**INSTRUCTIONS TO FOLLOW**
In the listing below, count the lines that contain the string "subseteq", and state that number without further words.

Content starts

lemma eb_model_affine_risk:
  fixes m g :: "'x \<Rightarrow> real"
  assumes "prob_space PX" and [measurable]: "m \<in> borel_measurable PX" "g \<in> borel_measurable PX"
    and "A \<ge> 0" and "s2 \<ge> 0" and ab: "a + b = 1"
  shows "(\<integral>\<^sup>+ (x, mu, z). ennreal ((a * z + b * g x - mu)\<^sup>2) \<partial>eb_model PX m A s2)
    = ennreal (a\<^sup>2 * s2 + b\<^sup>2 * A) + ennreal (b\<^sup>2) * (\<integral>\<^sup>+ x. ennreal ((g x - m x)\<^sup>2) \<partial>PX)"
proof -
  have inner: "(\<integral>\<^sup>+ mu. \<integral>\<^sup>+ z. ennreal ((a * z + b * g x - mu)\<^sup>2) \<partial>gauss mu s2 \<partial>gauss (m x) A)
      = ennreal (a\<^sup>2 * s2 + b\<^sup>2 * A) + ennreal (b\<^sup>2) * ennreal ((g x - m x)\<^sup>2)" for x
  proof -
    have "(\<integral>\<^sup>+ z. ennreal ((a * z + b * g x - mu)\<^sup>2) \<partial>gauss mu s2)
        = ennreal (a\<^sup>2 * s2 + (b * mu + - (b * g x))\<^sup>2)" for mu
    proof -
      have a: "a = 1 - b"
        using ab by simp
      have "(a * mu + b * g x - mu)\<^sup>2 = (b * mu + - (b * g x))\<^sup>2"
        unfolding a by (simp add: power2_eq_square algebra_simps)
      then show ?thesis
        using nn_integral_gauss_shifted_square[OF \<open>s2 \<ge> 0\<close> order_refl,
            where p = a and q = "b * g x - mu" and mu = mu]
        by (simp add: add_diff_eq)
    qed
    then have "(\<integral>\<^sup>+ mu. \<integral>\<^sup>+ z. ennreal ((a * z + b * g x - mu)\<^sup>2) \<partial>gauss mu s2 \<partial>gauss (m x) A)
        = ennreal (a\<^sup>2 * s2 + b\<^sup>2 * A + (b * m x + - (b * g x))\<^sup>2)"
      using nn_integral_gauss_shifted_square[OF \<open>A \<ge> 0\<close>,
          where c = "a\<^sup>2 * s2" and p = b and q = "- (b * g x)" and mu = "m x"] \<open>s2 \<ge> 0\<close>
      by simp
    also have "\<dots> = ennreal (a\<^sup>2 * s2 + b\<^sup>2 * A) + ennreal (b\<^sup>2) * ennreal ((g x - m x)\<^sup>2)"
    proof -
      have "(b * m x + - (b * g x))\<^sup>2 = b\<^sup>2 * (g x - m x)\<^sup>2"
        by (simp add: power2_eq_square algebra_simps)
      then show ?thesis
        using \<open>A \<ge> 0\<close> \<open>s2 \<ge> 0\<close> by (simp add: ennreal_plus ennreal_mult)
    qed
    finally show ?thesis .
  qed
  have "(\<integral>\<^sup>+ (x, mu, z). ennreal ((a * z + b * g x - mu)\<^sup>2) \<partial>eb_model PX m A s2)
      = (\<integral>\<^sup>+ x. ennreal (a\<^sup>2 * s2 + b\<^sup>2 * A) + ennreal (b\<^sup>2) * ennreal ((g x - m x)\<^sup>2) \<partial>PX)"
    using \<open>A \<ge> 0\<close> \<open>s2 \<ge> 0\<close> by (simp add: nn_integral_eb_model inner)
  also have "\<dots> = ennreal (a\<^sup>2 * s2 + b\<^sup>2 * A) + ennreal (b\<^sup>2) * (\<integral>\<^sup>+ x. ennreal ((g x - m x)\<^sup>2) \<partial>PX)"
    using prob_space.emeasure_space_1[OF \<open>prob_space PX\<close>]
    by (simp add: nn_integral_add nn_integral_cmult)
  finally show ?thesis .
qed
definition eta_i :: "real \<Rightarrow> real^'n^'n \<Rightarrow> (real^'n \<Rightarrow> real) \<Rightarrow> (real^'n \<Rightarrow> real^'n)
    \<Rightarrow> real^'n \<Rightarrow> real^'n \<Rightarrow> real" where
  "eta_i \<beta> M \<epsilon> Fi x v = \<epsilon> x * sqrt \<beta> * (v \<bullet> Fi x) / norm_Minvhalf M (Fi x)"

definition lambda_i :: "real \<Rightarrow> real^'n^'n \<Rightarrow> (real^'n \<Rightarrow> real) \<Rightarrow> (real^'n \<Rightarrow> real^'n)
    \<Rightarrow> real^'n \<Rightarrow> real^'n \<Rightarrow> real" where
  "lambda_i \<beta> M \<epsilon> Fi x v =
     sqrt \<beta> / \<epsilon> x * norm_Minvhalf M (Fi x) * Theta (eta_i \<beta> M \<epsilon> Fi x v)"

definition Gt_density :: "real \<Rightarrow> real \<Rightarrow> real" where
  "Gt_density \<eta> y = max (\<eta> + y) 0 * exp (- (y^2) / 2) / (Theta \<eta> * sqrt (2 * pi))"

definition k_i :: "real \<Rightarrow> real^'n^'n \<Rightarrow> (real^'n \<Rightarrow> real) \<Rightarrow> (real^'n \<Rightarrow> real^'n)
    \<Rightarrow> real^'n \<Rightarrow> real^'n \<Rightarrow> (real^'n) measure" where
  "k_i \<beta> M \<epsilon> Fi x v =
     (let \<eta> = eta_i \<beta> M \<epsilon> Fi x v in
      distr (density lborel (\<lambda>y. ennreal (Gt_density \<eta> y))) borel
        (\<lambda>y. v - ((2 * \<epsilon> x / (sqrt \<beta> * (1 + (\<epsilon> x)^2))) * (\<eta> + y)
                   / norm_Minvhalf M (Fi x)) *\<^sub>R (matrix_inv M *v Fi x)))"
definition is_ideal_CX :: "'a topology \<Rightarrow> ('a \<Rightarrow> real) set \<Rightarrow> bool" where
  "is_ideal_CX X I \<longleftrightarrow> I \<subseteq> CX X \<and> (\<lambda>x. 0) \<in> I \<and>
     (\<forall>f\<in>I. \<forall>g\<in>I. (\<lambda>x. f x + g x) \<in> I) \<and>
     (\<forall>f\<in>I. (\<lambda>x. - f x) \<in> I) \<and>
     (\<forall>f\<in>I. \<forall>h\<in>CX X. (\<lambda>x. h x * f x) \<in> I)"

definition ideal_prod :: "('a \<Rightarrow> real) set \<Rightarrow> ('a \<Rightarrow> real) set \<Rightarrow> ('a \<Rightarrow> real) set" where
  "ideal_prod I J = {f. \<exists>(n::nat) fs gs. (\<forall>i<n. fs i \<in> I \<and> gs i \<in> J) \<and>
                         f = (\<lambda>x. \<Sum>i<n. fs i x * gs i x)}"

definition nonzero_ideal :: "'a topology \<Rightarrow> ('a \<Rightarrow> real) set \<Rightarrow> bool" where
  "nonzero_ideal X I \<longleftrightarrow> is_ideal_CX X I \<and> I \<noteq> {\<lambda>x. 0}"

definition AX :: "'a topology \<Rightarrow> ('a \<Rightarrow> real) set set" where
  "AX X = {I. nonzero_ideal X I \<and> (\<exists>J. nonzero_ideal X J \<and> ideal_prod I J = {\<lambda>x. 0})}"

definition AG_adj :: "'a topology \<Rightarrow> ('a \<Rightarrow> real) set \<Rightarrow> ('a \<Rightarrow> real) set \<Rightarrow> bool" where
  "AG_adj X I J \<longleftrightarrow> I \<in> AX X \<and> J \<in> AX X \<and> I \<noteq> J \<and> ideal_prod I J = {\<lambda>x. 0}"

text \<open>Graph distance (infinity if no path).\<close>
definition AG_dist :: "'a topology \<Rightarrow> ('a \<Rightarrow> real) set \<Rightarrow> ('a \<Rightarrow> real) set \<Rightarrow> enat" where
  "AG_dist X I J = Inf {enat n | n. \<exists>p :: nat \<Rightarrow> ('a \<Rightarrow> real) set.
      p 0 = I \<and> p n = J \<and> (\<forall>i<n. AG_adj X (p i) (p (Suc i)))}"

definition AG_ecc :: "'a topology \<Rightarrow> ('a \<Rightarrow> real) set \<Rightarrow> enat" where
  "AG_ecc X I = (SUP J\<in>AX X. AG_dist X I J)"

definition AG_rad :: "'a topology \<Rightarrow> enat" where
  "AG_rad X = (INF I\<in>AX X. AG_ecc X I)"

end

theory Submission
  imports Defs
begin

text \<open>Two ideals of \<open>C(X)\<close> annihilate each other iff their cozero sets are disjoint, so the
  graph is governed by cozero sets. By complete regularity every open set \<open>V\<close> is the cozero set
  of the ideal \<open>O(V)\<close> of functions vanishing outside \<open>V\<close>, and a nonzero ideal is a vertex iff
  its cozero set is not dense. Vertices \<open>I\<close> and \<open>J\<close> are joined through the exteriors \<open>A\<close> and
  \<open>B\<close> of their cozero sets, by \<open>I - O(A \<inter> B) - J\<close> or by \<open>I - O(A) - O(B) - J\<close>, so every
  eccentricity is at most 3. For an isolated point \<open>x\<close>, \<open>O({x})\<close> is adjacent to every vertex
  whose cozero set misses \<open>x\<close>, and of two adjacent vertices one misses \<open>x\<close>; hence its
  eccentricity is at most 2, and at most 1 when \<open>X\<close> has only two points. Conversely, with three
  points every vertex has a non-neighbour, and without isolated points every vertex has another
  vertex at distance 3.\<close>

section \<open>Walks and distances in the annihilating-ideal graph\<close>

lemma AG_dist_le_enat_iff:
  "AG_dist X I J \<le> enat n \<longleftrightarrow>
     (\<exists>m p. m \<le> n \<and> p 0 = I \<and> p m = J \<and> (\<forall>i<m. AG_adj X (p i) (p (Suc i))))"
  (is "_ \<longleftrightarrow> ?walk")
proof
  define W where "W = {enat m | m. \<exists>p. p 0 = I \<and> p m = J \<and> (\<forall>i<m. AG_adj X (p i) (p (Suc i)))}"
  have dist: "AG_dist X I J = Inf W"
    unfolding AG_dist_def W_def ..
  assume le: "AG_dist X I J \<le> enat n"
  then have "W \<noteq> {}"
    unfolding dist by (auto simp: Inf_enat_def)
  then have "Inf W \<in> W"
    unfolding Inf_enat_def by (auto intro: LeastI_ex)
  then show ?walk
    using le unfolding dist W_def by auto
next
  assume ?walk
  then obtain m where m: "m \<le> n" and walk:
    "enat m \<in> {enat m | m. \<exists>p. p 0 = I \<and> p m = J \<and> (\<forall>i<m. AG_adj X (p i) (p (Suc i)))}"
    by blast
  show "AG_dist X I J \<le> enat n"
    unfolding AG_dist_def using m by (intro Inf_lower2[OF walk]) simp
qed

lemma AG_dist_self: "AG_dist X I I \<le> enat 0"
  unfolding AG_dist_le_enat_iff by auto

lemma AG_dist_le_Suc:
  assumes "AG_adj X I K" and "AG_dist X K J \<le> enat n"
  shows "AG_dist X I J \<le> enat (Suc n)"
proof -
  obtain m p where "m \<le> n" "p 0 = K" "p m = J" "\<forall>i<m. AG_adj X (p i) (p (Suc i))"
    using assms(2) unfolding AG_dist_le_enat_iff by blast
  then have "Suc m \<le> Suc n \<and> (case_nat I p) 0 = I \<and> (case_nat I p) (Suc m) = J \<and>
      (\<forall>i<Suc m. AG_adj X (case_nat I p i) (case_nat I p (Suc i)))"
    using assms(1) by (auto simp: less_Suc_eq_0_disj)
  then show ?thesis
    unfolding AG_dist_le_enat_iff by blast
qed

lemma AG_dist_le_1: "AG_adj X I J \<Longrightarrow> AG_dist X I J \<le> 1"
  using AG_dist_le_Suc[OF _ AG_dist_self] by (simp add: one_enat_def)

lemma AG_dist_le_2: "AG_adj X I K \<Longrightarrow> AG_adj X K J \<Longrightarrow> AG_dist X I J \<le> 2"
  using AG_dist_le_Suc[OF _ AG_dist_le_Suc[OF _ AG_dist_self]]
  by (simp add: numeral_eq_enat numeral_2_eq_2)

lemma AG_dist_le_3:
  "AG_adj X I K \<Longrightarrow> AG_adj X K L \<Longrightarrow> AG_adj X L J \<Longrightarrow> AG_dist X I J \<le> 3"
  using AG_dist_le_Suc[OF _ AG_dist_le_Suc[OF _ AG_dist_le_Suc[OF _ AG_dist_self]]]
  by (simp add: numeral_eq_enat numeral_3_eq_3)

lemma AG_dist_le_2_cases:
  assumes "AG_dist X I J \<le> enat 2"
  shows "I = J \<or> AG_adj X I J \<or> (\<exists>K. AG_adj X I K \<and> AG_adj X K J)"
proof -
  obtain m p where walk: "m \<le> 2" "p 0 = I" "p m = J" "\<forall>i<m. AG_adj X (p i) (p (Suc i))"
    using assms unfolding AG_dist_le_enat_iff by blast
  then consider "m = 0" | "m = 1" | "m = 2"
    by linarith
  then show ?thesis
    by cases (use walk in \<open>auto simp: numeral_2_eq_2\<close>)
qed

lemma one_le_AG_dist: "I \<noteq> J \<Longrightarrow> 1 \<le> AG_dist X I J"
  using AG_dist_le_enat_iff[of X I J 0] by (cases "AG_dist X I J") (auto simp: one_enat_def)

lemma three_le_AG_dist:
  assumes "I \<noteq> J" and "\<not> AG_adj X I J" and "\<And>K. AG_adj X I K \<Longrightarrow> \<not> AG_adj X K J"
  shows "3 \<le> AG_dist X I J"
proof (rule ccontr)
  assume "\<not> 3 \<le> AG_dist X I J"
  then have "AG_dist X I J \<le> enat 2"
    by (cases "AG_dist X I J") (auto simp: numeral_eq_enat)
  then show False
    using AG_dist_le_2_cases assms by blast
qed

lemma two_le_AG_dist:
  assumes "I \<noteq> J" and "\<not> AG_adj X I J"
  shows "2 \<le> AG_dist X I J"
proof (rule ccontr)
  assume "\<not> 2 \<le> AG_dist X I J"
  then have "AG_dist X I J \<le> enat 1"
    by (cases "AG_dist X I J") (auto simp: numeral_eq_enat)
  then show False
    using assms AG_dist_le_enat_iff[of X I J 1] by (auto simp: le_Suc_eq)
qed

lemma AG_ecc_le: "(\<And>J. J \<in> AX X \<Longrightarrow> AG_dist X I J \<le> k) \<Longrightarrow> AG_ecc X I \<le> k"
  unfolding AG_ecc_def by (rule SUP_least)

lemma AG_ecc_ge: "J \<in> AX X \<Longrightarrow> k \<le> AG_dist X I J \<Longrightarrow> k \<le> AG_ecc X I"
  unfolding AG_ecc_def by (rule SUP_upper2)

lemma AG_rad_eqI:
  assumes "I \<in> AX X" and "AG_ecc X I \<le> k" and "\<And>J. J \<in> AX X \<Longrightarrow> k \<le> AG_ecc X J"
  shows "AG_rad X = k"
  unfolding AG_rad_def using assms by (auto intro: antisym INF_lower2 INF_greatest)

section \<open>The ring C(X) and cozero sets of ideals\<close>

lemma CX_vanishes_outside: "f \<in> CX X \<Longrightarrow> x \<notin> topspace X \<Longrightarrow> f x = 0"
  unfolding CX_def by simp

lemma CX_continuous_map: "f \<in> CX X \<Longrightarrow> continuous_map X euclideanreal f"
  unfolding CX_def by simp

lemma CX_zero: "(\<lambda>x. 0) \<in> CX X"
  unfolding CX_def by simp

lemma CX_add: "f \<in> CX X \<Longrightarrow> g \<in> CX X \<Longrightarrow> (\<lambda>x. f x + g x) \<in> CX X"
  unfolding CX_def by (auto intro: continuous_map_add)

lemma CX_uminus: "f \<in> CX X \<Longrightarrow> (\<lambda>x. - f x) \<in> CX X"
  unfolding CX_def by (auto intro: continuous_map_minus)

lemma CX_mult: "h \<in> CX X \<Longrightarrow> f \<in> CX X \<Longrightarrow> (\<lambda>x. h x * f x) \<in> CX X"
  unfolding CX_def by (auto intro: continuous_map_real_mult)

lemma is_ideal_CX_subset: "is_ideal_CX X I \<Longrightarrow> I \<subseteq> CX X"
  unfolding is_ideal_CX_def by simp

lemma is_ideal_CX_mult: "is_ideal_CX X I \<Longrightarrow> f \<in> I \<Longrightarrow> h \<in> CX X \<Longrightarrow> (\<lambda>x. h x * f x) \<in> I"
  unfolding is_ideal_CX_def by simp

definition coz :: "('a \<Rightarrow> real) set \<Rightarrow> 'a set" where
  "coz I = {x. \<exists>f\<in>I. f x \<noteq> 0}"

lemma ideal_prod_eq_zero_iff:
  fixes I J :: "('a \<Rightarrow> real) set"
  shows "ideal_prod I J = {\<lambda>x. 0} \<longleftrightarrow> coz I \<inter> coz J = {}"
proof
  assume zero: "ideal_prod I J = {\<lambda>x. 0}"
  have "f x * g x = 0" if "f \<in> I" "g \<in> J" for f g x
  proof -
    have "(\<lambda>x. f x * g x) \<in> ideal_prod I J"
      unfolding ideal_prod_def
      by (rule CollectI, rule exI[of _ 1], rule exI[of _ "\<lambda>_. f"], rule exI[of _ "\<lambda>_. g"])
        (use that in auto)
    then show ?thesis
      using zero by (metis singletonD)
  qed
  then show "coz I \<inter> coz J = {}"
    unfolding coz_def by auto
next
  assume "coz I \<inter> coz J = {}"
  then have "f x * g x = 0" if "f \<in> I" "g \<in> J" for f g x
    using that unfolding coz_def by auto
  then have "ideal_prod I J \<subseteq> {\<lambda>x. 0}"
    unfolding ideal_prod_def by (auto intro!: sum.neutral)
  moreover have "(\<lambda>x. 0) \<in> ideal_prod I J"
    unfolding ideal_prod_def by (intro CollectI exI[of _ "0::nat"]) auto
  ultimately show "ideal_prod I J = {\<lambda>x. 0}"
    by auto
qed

Content ends

**SOLUTION FOR THIS EXERCISE**
3